This is more akin to posting from an iPhone and saying phones shouldn't exist.

1 comments

If someone wrote an op-ed saying they thought newspapers should be abolished, including some amount of explanation for why, sent it to the NYT, and the NYT published it, would you think that's slam-dunk proof that the author of the op ed is lying?
I'd be a bit confused if it turned out the author was a regular reader of the Gray Lady.
Why?

You may also be surprised to find out I'd prefer much more bike- and walking-friendly city planning, even to the point of making it harder to drive places, while in fact I drive almost everywhere.

Dealing with the current reality does not prevent one from advocating something else. Am I the one taking crazy pills, thinking that's super-obvious?

It's possible to make the case that you need to drive to get somewhere. Recreation is an entirely different matter. You don't need to read the New York Times. You don't need to read or post on Hacker News, either. You could go your entire life without these things at very little personal cost. In fact, it costs your attention to be doing these.

The fact that you supposedly hold such a strong position as saying 'this platform shouldn't exist' when the cost to you for not using this platform is minimal makes very little sense to me. For the example of a phone, it's not entirely incongruent for someone who's already bought an iPhone to be upset with Apple, and if they generally wish to use a phone, other companies might not be much better. But if somehow they get the notion that phones or smartphones shouldn't exist at all and continued using them, that doesn't make sense. I know people who get around fine without smartphones. If somebody really thought smartphones shouldn't exist yet continued using them, I question the strength of their convictions, and am more inclined to believe they hold their position more for the value of controversy than genuine belief.

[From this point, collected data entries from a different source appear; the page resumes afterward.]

(* Assume the setting below, on the Shishkin mesh $S_N$ (i.e. $\lambda=N$) with mesh parameter $a\ge a_*:=\dfrac{\beta}{b(0)-\beta}$. Then the truncation error of $v$ satisfies \[ |\tau_i[v]|\le C\begin{cases} N^{-2}(\ln N)^2e^{-\beta x_i/\varepsilon}, & 1\le i\le J-1,\\ N^{-a}, & J\le i\le N-1,\end{cases} \] with $C$ independent of $\varepsilon$ and $N$.
   Context: Let $0<\varepsilon<1$. Let $b,c,f\in C^4[0,1]$, and let $\beta$ be a constant with $b(x)>\beta>0$ and $c(x)\ge0$ on $[0,1]$. Let $u$ be the solution of $-\varepsilon u''-bu'+cu=f$ on $(0,1)$ with $u(0)=u(1)=0$. Define \[ v(x)=-\frac{\varepsilon u'(0)}{b(0)}e^{-b(0)x/\varepsilon}. \] Mesh $S_\lambda$, $\lambda\in\{N,\varepsilon^{-1}\}$. $N$ is a positive integer. $Q\in(0,1)$ is a fixed rational with $J=QN$ an integer, and $a>0$. Set $\xi=(a\varepsilon/\beta)\ln\lambda$, assumed $\le Q$, and $h=\xi/J$, $H=(1-\xi)/(N-J)$. The mesh points are $x_i=ih$ ($0\le i\le J$) and $x_i=\xi+(i-J)H$ ($J\le i\le N$). Write $h_i=x_i-x_{i-1}$ and $\hbar_i=(h_i+h_{i+1})/2$. Define $D^+g(x_i)=(g(x_{i+1})-g(x_i))/h_{i+1}$, $D^-g(x_i)=(g(x_i)-g(x_{i-1}))/h_i$, $D''g(x_i)=(D^+g(x_i)-D^-g(x_i))/\hbar_i$. Let $\sigma(\rho)=2\rho/(e^{2\rho}-1)$ for $\rho>0$, $\sigma(0)=1$, and $\rho_i=b(x_i)h_{i+1}/(2\varepsilon)$. The truncation error of the ASI scheme is \[ \tau_i[g]=-\varepsilon\sigma(\rho_i)D''g(x_i)-b(x_i)D^+g(x_i)+\varepsilon g''(x_i)+b(x_i)g'(x_i),\qquad 1\le i\le N-1. \] *)

theory Defs
  imports "HOL-Analysis.Analysis"
begin

definition Ck_on01 :: "nat \<Rightarrow> (real \<Rightarrow> real) \<Rightarrow> bool" where
  "Ck_on01 k g \<longleftrightarrow> (\<exists>D :: nat \<Rightarrow> real \<Rightarrow> real.
      (\<forall>x\<in>{0..1}. D 0 x = g x) \<and>
      (\<forall>j\<le>k. continuous_on {0..1} (D j)) \<and>
      (\<forall>j<k. \<forall>x\<in>{0..1}. (D j has_real_derivative D (Suc j) x) (at x within {0..1})))"

definition sh_xi :: "real \<Rightarrow> real \<Rightarrow> real \<Rightarrow> nat \<Rightarrow> real" where
  "sh_xi eps a beta N = (a * eps / beta) * ln (real N)"

text \<open>Mesh points x_i of S_N, with J = Q N fine intervals.\<close>
definition sh_mesh :: "real \<Rightarrow> real \<Rightarrow> real \<Rightarrow> nat \<Rightarrow> nat \<Rightarrow> nat \<Rightarrow> real" where
  "sh_mesh eps a beta N J i =
     (let xi = sh_xi eps a beta N; h = xi / real J; H = (1 - xi) / (real N - real J)
      in if i \<le> J then real i * h else xi + (real i - real J) * H)"

definition sigma :: "real \<Rightarrow> real" where
  "sigma r = (if r = 0 then 1 else 2 * r / (exp (2 * r) - 1))"

definition tau :: "real \<Rightarrow> (real \<Rightarrow> real) \<Rightarrow> (nat \<Rightarrow> real) \<Rightarrow> (real \<Rightarrow> real) \<Rightarrow> nat \<Rightarrow> real" where
  "tau eps b x g i =
     (let hi = x i - x (i - 1); hi1 = x (Suc i) - x i; hb = (hi + hi1) / 2;
          Dp = (g (x (Suc i)) - g (x i)) / hi1;
          Dm = (g (x i) - g (x (i - 1))) / hi;
          D2 = (Dp - Dm) / hb;
          rho = b (x i) * hi1 / (2 * eps)
      in - eps * sigma rho * D2 - b (x i) * Dp
         + eps * deriv (deriv g) (x i) + b (x i) * deriv g (x i))"

end

theory Submission
  imports Defs
begin

text \<open>Write v = A exp (-b0 t / eps) with b0 = b 0. The maximum principle bounds |u| by a barrier,
  and then |eps u'(0)| by the mean value theorem, uniformly in eps; hence |A| <= C.
  The truncation error of v at x_i is A exp (-b0 x_i / eps) times an explicit expression in the
  neighbouring steps. In the layer the mesh is uniform with step h; with s = b0 h / eps <= C ln N / N
  and r = b(x_i) / b0 that expression is (b0^2 / eps) times a function of s and r which vanishes at
  r = 1 and is O(|r - 1| s^2) by a second-order expansion of (e^x - 1) / x. Since
  |r - 1| <= C x_i and (x_i / eps) exp (-b0 x_i / eps) <= C exp (-beta x_i / eps), this gives the
  bound N^-2 (ln N)^2 exp (-beta x_i / eps). Outside the layer a crude bound by
  exp (-b0 x_(i-1) / eps) / H <= C N^(1 - a b0 / beta) suffices, and this is at most C N^-a
  exactly when a >= beta / (b0 - beta).\<close>

section \<open>A priori bounds for the continuous problem\<close>

lemma continuous_on_compact_abs_bounded:
  fixes f :: "real \<Rightarrow> real"
  assumes "compact S" "continuous_on S f"
  obtains M where "\<forall>x\<in>S. \<bar>f x\<bar> \<le> M"
  using compact_imp_bounded[OF compact_continuous_image[OF assms(2,1)]]
  unfolding bounded_real by auto

lemma Ck_on01_continuous: "Ck_on01 k g \<Longrightarrow> continuous_on {0..1} g"
  unfolding Ck_on01_def by (metis continuous_on_cong le0)

lemma Ck_on01_imp_C1:
  assumes "Ck_on01 k g" "0 < k"
  obtains g' where "continuous_on {0..1} g" "continuous_on {0..1} g'"
    "\<forall>x\<in>{0..1}. (g has_real_derivative g' x) (at x within {0..1})"
proof -
  obtain D where D0: "\<forall>x\<in>{0..1}. D 0 x = g x"
    and cont: "\<forall>j\<le>k. continuous_on {0..1} (D j)"
    and deriv: "\<forall>j<k. \<forall>x\<in>{0..1}. (D j has_real_derivative D (Suc j) x) (at x within {0..1})"
    using assms(1) unfolding Ck_on01_def by blast
  show thesis
  proof
    show "continuous_on {0..1} g"
      using continuous_on_cong[of "{0..1}" "{0..1}" "D 0" g] D0 cont by auto
    show "continuous_on {0..1} (D 1)"
      using cont assms(2) by auto
    show "\<forall>x\<in>{0..1}. (g has_real_derivative D 1 x) (at x within {0..1})"
    proof
      fix x :: real assume x: "x \<in> {0..1}"
      have "(D 0 has_real_derivative D 1 x) (at x within {0..1})"
        using deriv x assms(2) by (metis One_nat_def)
      then show "(g has_real_derivative D 1 x) (at x within {0..1})"
        by (rule has_field_derivative_transform_within[where d=1]) (use x D0 in auto)
    qed
  qed
qed

lemma DERIV2_local_min:
  fixes w w' :: "real \<Rightarrow> real"
  assumes "0 < d"
    and min: "\<And>y. \<bar>y - x\<bar> < d \<Longrightarrow> w x \<le> w y"
    and w': "\<And>y. \<bar>y - x\<bar> < d \<Longrightarrow> (w has_real_derivative w' y) (at y)"
    and w'': "(w' has_real_derivative w'') (at x)"
  shows "w' x = 0" and "0 \<le> w''"
proof -
  have "(w has_real_derivative w' x) (at x)"
    using w' \<open>0 < d\<close> by simp
  then show "w' x = 0"
    by (rule DERIV_local_min[OF _ \<open>0 < d\<close>]) (use min in \<open>auto simp: abs_minus_commute\<close>)
  show "0 \<le> w''"
  proof (rule ccontr)
    assume "\<not> 0 \<le> w''"
    then obtain e where e: "0 < e" "\<And>t. 0 < t \<Longrightarrow> t < e \<Longrightarrow> w' x < w' (x - t)"
      using DERIV_neg_dec_left[OF w''] by force
    define t where "t = min d e / 2"
    have t: "0 < t" "t < d" "t < e"
      using \<open>0 < d\<close> e(1) by (auto simp: t_def)
    obtain z where z: "x - t < z" "z < x" "w x - w (x - t) = (x - (x - t)) * w' z"
      using MVT2[of "x - t" x w w'] w' t by force
    have "0 < w' z"
      using e(2)[of "x - z"] z t \<open>w' x = 0\<close> by auto
    then have "w (x - t) < w x"
      using z(3) mult_pos_pos[OF t(1)] by fastforce
    with min[of "x - t"] t show False
      by auto
  qed
qed

lemma maximum_principle_01:
  fixes w w' w'' p q :: "real \<Rightarrow> real"
  assumes "0 < eps"
    and deriv: "\<forall>x\<in>{0..1}. (w has_real_derivative w' x) (at x within {0..1})
                   \<and> (w' has_real_derivative w'' x) (at x within {0..1})"
    and supersolution: "\<forall>x\<in>{0<..<1}. 0 \<le> q x \<and> 0 < - eps * w'' x - p x * w' x + q x * w x"
    and "0 \<le> w 0" "0 \<le> w 1"
  shows "\<forall>x\<in>{0..1}. 0 \<le> w x"
proof (rule ccontr)
  assume "\<not> (\<forall>x\<in>{0..1}. 0 \<le> w x)"
  then obtain y where y: "y \<in> {0..1}" "w y < 0" by force
  have "continuous_on {0..1} w"
    using deriv DERIV_continuous continuous_on_eq_continuous_within by blast
  then obtain x where x: "x \<in> {0..1}" "\<forall>z\<in>{0..1}. w x \<le> w z"
    using continuous_attains_inf[OF compact_Icc, of 0 1 w] by auto
  have "w x < 0" using x y by force
  have interior: "0 < x" "x < 1"
  proof -
    have "x \<noteq> 0" "x \<noteq> 1" using \<open>w x < 0\<close> assms(4,5) by auto
    then show "0 < x" "x < 1" using x(1) by auto
  qed
  have deriv_at: "(w has_real_derivative w' z) (at z)" "(w' has_real_derivative w'' z) (at z)"
    if "0 < z" "z < 1" for z
    using deriv[rule_format, of z] that at_within_Icc_at[of 0 z 1] by auto
  have "w x \<le> w z" "(w has_real_derivative w' z) (at z)" if "\<bar>z - x\<bar> < min x (1 - x)" for z
    using that x(2) deriv_at(1)[of z] by (auto simp: abs_less_iff)
  then have "w' x = 0" "0 \<le> w'' x"
    using DERIV2_local_min[of "min x (1 - x)" x w w' "w'' x"] interior deriv_at(2) by auto
  moreover have "0 \<le> q x" "0 < - eps * w'' x - p x * w' x + q x * w x"
    using supersolution interior by auto
  moreover have "q x * w x \<le> 0" "0 \<le> eps * w'' x"
    using calculation \<open>w x < 0\<close> \<open>0 < eps\<close> by (simp_all add: mult_nonneg_nonpos)
  ultimately show False
    by simp
qed

lemma mvt_within:
  fixes f f' :: "real \<Rightarrow> real"
  assumes "a < b" "{a..b} \<subseteq> S"
    and deriv: "\<forall>x\<in>S. (f has_real_derivative f' x) (at x within S)"
  obtains y where "a < y" "y < b" "f b - f a = (b - a) * f' y"
proof -
  have "(f has_derivative (*) (f' x)) (at x within {a..b})" if "a \<le> x" "x \<le> b" for x
    using DERIV_subset[of f "f' x" x S "{a..b}"] deriv that assms(2)
    by (auto simp: has_field_derivative_def)
  then obtain y where "y \<in> {a<..<b}" "f b - f a = f' y * (b - a)"
    using mvt_simple[OF \<open>a < b\<close>, of f "\<lambda>x. (*) (f' x)"] by blast
  then show thesis
    using that by (auto simp: mult.commute)
qed

text \<open>The summand 1 in the barrier constant makes the barrier a strict supersolution.\<close>
lemma solution_le_barrier:
  fixes b c f u u' u'' :: "real \<Rightarrow> real"
  assumes "0 < beta" and b_gt: "\<forall>x\<in>{0..1}. beta < b x" and c_nonneg: "\<forall>x\<in>{0..1}. 0 \<le> c x"
    and "0 < eps"
    and deriv: "\<forall>x\<in>{0..1}. (u has_real_derivative u' x) (at x within {0..1})
                   \<and> (u' has_real_derivative u'' x) (at x within {0..1})"
    and ode: "\<forall>x\<in>{0<..<1}. - eps * u'' x - b x * u' x + c x * u x = f x"
    and f_le: "\<forall>x\<in>{0<..<1}. f x \<le> M" and "0 \<le> M" and "u 0 = 0" "u 1 = 0"
  shows "\<forall>x\<in>{0..1}. u x \<le> (M + 1) / beta * (1 - x)"
proof -
  define K where "K = (M + 1) / beta"
  have "0 < K" "beta * K = M + 1"
    using \<open>0 < beta\<close> \<open>0 \<le> M\<close> by (simp_all add: K_def)
  have "\<forall>x\<in>{0..1}. 0 \<le> K * (1 - x) - u x"
  proof (rule maximum_principle_01[where w' = "\<lambda>x. - K - u' x" and w'' = "\<lambda>x. - u'' x" and p = b and q = c])
    show "\<forall>x\<in>{0..1}. ((\<lambda>x. K * (1 - x) - u x) has_real_derivative - K - u' x) (at x within {0..1})
            \<and> ((\<lambda>x. - K - u' x) has_real_derivative - u'' x) (at x within {0..1})"
      using deriv by (auto intro!: derivative_eq_intros)
    show "\<forall>x\<in>{0<..<1}. 0 \<le> c x \<and> 0 < - eps * - u'' x - b x * (- K - u' x) + c x * (K * (1 - x) - u x)"
    proof
      fix x :: real assume x: "x \<in> {0<..<1}"
      have "- eps * - u'' x - b x * (- K - u' x) + c x * (K * (1 - x) - u x)
            = b x * K + c x * K * (1 - x) - f x"
        using ode x by (auto simp: algebra_simps)
      moreover have "beta * K < b x * K" "0 \<le> c x * K * (1 - x)" "f x \<le> M"
        using b_gt c_nonneg f_le x \<open>0 < K\<close> by auto
      ultimately show "0 \<le> c x \<and> 0 < - eps * - u'' x - b x * (- K - u' x) + c x * (K * (1 - x) - u x)"
        using c_nonneg x \<open>beta * K = M + 1\<close> by auto
    qed
  qed (use \<open>0 < eps\<close> \<open>u 0 = 0\<close> \<open>u 1 = 0\<close> \<open>0 < K\<close> in auto)
  then show ?thesis
    by (simp add: K_def)
qed
lemma dist_k_resolving_adjacent_pairs:
  assumes "n \<ge> 5" "k \<ge> 1" "odd n \<Longrightarrow> k \<ge> 2"
    and hits: "\<forall>x\<in>cycle_V n. adjacent_partner n x \<noteq> x \<longrightarrow> x \<in> S \<or> adjacent_partner n x \<in> S"
  shows "dist_k_resolving k (cycle_V n) (cycle_E n) S"
proof (rule dist_k_resolving_cycleI)
  let ?p = "adjacent_partner n"
  have partner_in: "?p a \<in> S" if "a < n" "a \<notin> S" "?p a \<noteq> a" for a
    using hits that by (auto simp: cycle_V_def)
  have separated_from_last: "\<exists>z\<in>S. z < n \<and> cycle_separates n k z a (n - 1)"
    if "odd n" "a < n - 1" "a \<notin> S" for a
  proof (rule odd_cycle_separates_from_last[OF that(1) assms(1) assms(3)[OF that(1)] that(2,3)])
    have partners: "?p 0 = 1" "?p 2 = 3" "?p (n - 3) = n - 2"
      using assms(1) that(1) unfolding adjacent_partner_def by auto
    have "a \<in> S \<or> ?p a \<in> S" if "a < n" "?p a \<noteq> a" for a
      using hits that by (auto simp: cycle_V_def)
    from this[of 0] this[of 2] this[of "n - 3"]
    show "0 \<in> S \<or> 1 \<in> S" "2 \<in> S \<or> 3 \<in> S" "n - 3 \<in> S \<or> n - 2 \<in> S"
      using assms(1) unfolding partners by auto
  qed
  fix x y
  assume xy: "x < n" "y < n" "x \<noteq> y"
  consider "x \<in> S \<or> y \<in> S" | "x \<notin> S" "y \<notin> S" "?p x \<noteq> x" "?p y \<noteq> y"
    | "x \<notin> S" "y \<notin> S" "?p x = x" | "x \<notin> S" "y \<notin> S" "?p y = y"
    by blast
  then show "\<exists>z\<in>S. z < n \<and> cycle_separates n k z x y"
  proof cases
    case 1
    with xy show ?thesis
      by (rule cycle_separates_by_member)
  next
    case 2
    then have "cycle_separates n k (?p x) x y \<or> cycle_separates n k (?p y) x y"
      using xy assms(1,2) adjacent_partner_less adjacent_partner_adjacent adjacent_partner_involution
      by (intro cycle_separates_by_neighbour) metis+
    then show ?thesis
      using 2 xy partner_in adjacent_partner_less by blast
  next
    case 3
    then have "odd n" "x = n - 1" "y < n - 1"
      using xy adjacent_partner_eq_self_iff by auto
    then show ?thesis
      using separated_from_last[of y] 3 cycle_separates_commute by metis
  next
    case 4
    then have "odd n" "y = n - 1" "x < n - 1"
      using xy adjacent_partner_eq_self_iff by auto
    then show ?thesis
      using separated_from_last[of x] 4 by metis
  qed
qed
lemma corona_blocks_disjoint:
  assumes "{} \<notin> E2" and "v \<noteq> v'"
  shows "corona_block V2 E2 v \<inter> corona_block V2 E2 v' = {}"
proof -
  have "corona_copy v e \<noteq> corona_copy v' f" if e: "e \<in> E2" for e f
  proof
    obtain y where "y \<in> e" using e assms(1) by (metis all_not_in_conv)
    assume "corona_copy v e = corona_copy v' f"
    moreover have "Inr (v, y) \<in> corona_copy v e" using \<open>y \<in> e\<close> by blast
    ultimately have "Inr (v, y) \<in> corona_copy v' f" by simp
    then show False using assms(2) by auto
  qed
  then show ?thesis unfolding corona_block_def using assms(2) by (auto simp: doubleton_eq_iff)
qed

lemma saturation_number_le_card_corona_block:
  fixes V2 :: "'b set" and E2 :: "'b set set" and v :: 'a
  assumes "finite V2" and "finite E2"
    and max: "maximal_matching (corona_E V1 E1 V2 E2) M" and "v \<in> V1"
  shows "saturation_number E2 \<le> card (M \<inter> corona_block V2 E2 v)"
proof -
  define A where "A = {e \<in> E2. corona_copy v e \<in> M}"
  define W where "W = {w \<in> V2. corona_spoke v w \<in> M}"
  have M: "matching (corona_E V1 E1 V2 E2) M"
    and blocked: "\<And>g. g \<in> corona_E V1 E1 V2 E2 - M \<Longrightarrow> g \<inter> \<Union>M \<noteq> {}"
    using max unfolding maximal_matching_iff by blast+
  have disjM: "\<And>g h. g \<in> M \<Longrightarrow> h \<in> M \<Longrightarrow> g \<noteq> h \<Longrightarrow> g \<inter> h = {}"
    using M unfolding matching_def by auto
  have copy_eq_iff: "corona_copy v e = corona_copy v f \<longleftrightarrow> e = f" for e f
    by (rule inj_image_eq_iff) (simp add: inj_def)
  have inj_copy: "inj_on (corona_copy v) X" for X :: "'b set set"
    by (rule inj_onI) (simp add: copy_eq_iff)
  have inj_spoke: "inj_on (corona_spoke v) X" for X :: "'b set"
    by (rule inj_onI) (simp add: doubleton_eq_iff)
  have "matching E2 A"
    unfolding matching_def
  proof (intro conjI ballI impI)
    show "A \<subseteq> E2" unfolding A_def by blast
    fix e f assume "e \<in> A" "f \<in> A" "e \<noteq> f"
    then have "corona_copy v e \<in> M" "corona_copy v f \<in> M" unfolding A_def by blast+
    moreover have "corona_copy v e \<noteq> corona_copy v f"
      using \<open>e \<noteq> f\<close> by (simp add: copy_eq_iff)
    ultimately have "corona_copy v e \<inter> corona_copy v f = {}" by (rule disjM)
    then show "e \<inter> f = {}" by blast
  qed
  moreover have "e \<inter> W \<noteq> {}" if e: "e \<in> E2 - A" and free: "e \<inter> \<Union>A = {}" for e
  proof -
    have "corona_copy v e \<in> corona_E V1 E1 V2 E2"
      using e \<open>v \<in> V1\<close> unfolding mem_corona_E by blast
    moreover have "corona_copy v e \<notin> M" using e unfolding A_def by blast
    ultimately have "corona_copy v e \<in> corona_E V1 E1 V2 E2 - M" by blast
    then obtain g y where g: "g \<in> M" "Inr (v, y) \<in> g" "y \<in> e"
      using blocked by blast
    then have "g \<in> corona_E V1 E1 V2 E2" using M unfolding matching_def by blast
    then consider (copy) f where "f \<in> E2" "g = corona_copy v f" "y \<in> f"
      | (spoke) "y \<in> V2" "g = corona_spoke v y"
      using g(2) unfolding mem_corona_E by auto
    then show ?thesis
    proof cases
      case copy
      then have "f \<in> A" using g(1) unfolding A_def by blast
      then show ?thesis using free copy(3) g(3) by blast
    next
      case spoke
      then show ?thesis using g unfolding W_def by blast
    qed
  qed
  ultimately have "saturation_number E2 \<le> card A + card W"
    using assms(1,2) by (intro saturation_number_le_card_add_cover) (auto simp: W_def)
  also have "\<dots> = card (corona_copy v ` A) + card (corona_spoke v ` W)"
    by (simp only: card_image[OF inj_copy] card_image[OF inj_spoke])
  also have "\<dots> = card (corona_copy v ` A \<union> corona_spoke v ` W)"
    using assms(1,2) by (intro card_Un_disjoint[symmetric]) (auto simp: A_def W_def)
  also have "\<dots> \<le> card (M \<inter> corona_block V2 E2 v)"
    using assms(1,2) by (intro card_mono) (auto simp: A_def W_def corona_block_def)
  finally show ?thesis .
qed

lemma saturation_number_corona_ge:
  assumes "finite V1" "finite E1" "finite V2" "finite E2" and "{} \<notin> E2"
  shows "card V1 * saturation_number E2 \<le> saturation_number (corona_E V1 E1 V2 E2)"
proof -
  have fin: "finite (corona_E V1 E1 V2 E2)" using assms(1-4) by (rule finite_corona_E)
  obtain M where M: "maximal_matching (corona_E V1 E1 V2 E2) M"
      "card M = saturation_number (corona_E V1 E1 V2 E2)"
    using saturation_number_attained[OF fin] by blast
  then have "finite M" using fin unfolding maximal_matching_def matching_def
    by (auto intro: finite_subset)
  have "card V1 * saturation_number E2 = (\<Sum>v\<in>V1. saturation_number E2)" by simp
  also have "\<dots> \<le> (\<Sum>v\<in>V1. card (M \<inter> corona_block V2 E2 v))"
    using assms(3,4) M(1) by (intro sum_mono saturation_number_le_card_corona_block)
  also have "\<dots> = card (\<Union>v\<in>V1. M \<inter> corona_block V2 E2 v)"
  proof (rule card_UN_disjoint[symmetric])
    show "\<forall>v\<in>V1. \<forall>v'\<in>V1. v \<noteq> v' \<longrightarrow>
        (M \<inter> corona_block V2 E2 v) \<inter> (M \<inter> corona_block V2 E2 v') = {}"
    proof (intro ballI impI)
      fix v v' assume "v \<in> V1" "v' \<in> V1" "v \<noteq> v'"
      have "corona_block V2 E2 v \<inter> corona_block V2 E2 v' = {}"
        using \<open>{} \<notin> E2\<close> \<open>v \<noteq> v'\<close> by (rule corona_blocks_disjoint)
      then show "(M \<inter> corona_block V2 E2 v) \<inter> (M \<inter> corona_block V2 E2 v') = {}" by blast
    qed
  qed (use \<open>finite V1\<close> \<open>finite M\<close> in auto)
  also have "\<dots> \<le> card M" using \<open>finite M\<close> by (intro card_mono) auto
  finally show ?thesis using M(2) by simp
qed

I think what's twisting people up is that I'm advocating a position that might (maybe) threaten this site if it became more popular, but I'm not advocating that position because I don't like using HN. I'm not even advocating the position because I don't like Facebook's site or functionality. The two things are hardly connected, except that the harmful part of it may be (as advocates of these services typically claim) necessary for them to operate as they currently do.

I object to the idea that we have to psychologically wreck some workers. No, Facebook (and Twitter, et c.) do, to stay in business, evidently. We don't have to. We could say they aren't allowed to do that anymore, as we have with other worker safety issues in the past. We could even do that while exempting very small low-harm operations and cases in which that kind of work really is something resembling necessary (police work, say). There's no "gotcha" in "but what about police investigators?" or "but what about HN?" (the two I've seen in this thread) unless one ignores the reality that similar worker protection regulations deal with those sorts of edge cases, routinely. Even if the regulations couldn't have any nuance (why not? It's not been a problem any other time), I'd personally be OK losing HN over that, sure.

> I'm advocating a position that might (maybe) threaten this site

You seem to be advocating a position that content moderation, and services that rely upon it, should not exist. I'm not sure why Hacker News would somehow be an exception to this, so you seem to be advocating this site should not exist. If you're not advocating this, perhaps you should explain how this site, which consists entirely and exclusively of user-generated content, would get around without content moderation, or why that content moderation would be acceptable.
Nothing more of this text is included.